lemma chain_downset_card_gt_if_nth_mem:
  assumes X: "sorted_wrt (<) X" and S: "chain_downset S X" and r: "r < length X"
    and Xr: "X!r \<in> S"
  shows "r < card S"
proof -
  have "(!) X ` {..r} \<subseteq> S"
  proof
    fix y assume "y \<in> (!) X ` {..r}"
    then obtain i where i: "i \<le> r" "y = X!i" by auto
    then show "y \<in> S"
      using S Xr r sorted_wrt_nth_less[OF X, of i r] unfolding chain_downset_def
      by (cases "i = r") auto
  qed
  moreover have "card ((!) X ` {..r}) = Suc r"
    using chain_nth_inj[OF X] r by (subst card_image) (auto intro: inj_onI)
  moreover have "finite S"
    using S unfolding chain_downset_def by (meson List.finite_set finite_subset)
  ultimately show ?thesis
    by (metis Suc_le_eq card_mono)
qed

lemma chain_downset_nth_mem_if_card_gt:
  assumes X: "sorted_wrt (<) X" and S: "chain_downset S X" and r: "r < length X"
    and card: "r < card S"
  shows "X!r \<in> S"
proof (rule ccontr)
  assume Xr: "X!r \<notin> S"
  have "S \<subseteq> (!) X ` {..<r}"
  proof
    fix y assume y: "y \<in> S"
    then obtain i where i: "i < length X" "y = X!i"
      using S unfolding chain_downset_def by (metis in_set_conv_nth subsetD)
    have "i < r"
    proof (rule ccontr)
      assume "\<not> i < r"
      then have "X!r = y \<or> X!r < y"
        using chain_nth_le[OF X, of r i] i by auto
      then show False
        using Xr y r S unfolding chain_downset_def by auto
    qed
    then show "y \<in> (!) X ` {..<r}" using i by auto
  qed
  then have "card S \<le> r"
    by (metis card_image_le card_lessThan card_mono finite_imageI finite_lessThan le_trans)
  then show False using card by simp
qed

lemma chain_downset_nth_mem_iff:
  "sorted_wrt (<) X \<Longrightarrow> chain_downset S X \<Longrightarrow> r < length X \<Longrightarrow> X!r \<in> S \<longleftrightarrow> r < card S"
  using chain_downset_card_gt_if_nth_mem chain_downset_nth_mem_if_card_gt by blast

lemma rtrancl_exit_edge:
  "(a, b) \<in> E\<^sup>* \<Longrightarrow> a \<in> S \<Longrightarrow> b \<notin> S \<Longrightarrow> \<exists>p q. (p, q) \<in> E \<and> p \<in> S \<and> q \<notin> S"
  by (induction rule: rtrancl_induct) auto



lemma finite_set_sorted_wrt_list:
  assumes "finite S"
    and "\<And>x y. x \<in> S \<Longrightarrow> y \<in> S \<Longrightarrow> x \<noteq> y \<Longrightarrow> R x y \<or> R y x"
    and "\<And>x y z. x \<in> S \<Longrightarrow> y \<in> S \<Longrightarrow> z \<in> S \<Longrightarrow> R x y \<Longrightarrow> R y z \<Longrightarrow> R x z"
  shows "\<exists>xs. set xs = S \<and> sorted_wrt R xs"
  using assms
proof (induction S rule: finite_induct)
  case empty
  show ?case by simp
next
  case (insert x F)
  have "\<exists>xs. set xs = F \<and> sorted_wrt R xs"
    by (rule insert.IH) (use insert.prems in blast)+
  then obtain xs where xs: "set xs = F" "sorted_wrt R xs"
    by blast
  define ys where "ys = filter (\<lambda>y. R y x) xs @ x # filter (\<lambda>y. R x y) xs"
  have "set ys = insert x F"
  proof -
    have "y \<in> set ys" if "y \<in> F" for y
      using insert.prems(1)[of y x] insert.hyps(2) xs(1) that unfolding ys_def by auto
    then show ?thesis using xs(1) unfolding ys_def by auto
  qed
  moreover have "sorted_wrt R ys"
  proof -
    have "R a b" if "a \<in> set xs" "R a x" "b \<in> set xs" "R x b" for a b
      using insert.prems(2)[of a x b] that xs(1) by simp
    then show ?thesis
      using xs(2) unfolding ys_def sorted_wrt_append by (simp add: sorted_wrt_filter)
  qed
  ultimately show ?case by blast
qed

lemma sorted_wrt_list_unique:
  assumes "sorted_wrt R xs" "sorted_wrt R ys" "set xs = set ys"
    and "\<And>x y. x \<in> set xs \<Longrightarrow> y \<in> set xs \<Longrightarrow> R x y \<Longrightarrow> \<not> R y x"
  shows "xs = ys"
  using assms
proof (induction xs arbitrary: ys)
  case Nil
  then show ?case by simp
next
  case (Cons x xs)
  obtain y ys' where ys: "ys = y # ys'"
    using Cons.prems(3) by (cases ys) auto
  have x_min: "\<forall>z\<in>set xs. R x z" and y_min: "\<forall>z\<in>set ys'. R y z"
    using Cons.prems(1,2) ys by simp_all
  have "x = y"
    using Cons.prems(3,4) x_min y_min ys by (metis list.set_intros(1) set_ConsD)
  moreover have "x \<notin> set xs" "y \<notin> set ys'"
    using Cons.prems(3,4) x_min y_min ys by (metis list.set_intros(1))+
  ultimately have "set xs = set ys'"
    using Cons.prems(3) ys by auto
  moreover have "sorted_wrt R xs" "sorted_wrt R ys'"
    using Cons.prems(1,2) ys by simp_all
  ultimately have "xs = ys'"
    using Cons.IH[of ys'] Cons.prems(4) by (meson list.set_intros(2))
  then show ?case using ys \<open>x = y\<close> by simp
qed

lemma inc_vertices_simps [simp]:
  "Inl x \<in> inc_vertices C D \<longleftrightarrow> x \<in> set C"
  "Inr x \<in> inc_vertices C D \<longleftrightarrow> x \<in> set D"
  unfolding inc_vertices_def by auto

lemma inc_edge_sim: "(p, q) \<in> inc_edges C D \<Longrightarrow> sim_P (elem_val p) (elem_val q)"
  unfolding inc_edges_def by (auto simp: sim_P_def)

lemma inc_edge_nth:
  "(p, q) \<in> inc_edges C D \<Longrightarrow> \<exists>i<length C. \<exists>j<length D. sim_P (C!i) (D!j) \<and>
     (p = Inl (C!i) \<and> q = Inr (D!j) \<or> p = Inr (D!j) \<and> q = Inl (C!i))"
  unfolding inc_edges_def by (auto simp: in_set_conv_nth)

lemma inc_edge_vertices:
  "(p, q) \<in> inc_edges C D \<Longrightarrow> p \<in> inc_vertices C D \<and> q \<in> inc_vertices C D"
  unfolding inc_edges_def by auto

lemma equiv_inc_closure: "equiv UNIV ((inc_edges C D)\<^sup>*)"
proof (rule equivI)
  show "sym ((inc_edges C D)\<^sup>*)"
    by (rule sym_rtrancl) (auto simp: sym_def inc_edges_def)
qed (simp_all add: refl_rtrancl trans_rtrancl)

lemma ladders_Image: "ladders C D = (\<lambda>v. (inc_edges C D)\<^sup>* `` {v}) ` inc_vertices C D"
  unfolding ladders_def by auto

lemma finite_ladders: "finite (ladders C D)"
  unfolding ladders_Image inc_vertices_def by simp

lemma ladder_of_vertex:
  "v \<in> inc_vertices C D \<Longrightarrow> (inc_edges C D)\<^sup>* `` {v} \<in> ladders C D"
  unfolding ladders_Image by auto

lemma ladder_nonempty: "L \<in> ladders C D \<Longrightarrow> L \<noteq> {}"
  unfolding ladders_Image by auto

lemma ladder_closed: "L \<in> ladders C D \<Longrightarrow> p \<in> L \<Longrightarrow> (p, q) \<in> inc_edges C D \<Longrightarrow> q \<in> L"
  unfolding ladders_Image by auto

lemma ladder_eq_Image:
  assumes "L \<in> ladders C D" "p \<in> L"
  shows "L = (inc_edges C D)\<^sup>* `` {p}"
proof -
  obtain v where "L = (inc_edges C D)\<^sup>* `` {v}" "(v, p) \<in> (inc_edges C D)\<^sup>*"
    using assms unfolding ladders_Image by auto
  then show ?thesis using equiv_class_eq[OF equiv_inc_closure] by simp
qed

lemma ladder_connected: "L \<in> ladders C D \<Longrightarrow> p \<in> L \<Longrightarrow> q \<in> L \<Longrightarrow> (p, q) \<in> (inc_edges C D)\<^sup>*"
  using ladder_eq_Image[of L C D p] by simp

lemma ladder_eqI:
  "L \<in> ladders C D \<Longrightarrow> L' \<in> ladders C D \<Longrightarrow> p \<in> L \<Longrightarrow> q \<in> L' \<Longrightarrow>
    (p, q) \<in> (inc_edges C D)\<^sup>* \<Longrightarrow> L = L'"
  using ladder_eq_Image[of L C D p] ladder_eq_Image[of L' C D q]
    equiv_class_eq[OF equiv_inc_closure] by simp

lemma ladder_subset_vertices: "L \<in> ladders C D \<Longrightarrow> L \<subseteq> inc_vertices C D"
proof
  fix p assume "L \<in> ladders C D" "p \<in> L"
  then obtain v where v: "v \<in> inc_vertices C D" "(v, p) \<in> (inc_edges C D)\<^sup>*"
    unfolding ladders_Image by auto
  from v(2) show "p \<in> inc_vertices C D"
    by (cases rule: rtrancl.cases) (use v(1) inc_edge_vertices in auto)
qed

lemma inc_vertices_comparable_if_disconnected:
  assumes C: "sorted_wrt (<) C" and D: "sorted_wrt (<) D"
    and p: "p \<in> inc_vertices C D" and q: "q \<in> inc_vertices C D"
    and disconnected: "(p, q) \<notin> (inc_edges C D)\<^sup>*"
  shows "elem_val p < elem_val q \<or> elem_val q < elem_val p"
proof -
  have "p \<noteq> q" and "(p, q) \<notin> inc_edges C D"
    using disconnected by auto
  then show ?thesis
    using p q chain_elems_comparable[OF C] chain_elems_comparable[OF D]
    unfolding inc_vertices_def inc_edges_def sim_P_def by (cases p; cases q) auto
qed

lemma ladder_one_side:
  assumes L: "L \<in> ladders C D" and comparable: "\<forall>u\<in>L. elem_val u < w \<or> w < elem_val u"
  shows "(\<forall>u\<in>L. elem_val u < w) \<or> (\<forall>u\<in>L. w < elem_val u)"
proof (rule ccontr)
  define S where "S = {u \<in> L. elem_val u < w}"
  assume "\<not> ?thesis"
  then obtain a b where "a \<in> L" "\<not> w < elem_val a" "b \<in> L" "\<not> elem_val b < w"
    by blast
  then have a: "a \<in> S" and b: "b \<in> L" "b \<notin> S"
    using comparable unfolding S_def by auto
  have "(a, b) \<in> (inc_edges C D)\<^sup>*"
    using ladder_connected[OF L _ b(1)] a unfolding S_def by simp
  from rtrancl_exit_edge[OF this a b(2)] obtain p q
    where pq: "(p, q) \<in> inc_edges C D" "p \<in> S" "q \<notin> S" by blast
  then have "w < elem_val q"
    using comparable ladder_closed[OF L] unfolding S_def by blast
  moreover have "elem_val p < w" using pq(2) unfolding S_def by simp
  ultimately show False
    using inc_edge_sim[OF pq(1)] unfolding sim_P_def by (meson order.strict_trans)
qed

WHAT YOU ARE ASKED TO DO: In the listing above, show every line with the word "shows".

RESPONSE:
  shows "r < card S"
  shows "X!r \<in> S"
  shows "\<exists>xs. set xs = S \<and> sorted_wrt R xs"
  shows "xs = ys"
  shows "L = (inc_edges C D)\<^sup>* `` {p}"
  shows "elem_val p < elem_val q \<or> elem_val q < elem_val p"
  shows "(\<forall>u\<in>L. elem_val u < w) \<or> (\<forall>u\<in>L. w < elem_val u)"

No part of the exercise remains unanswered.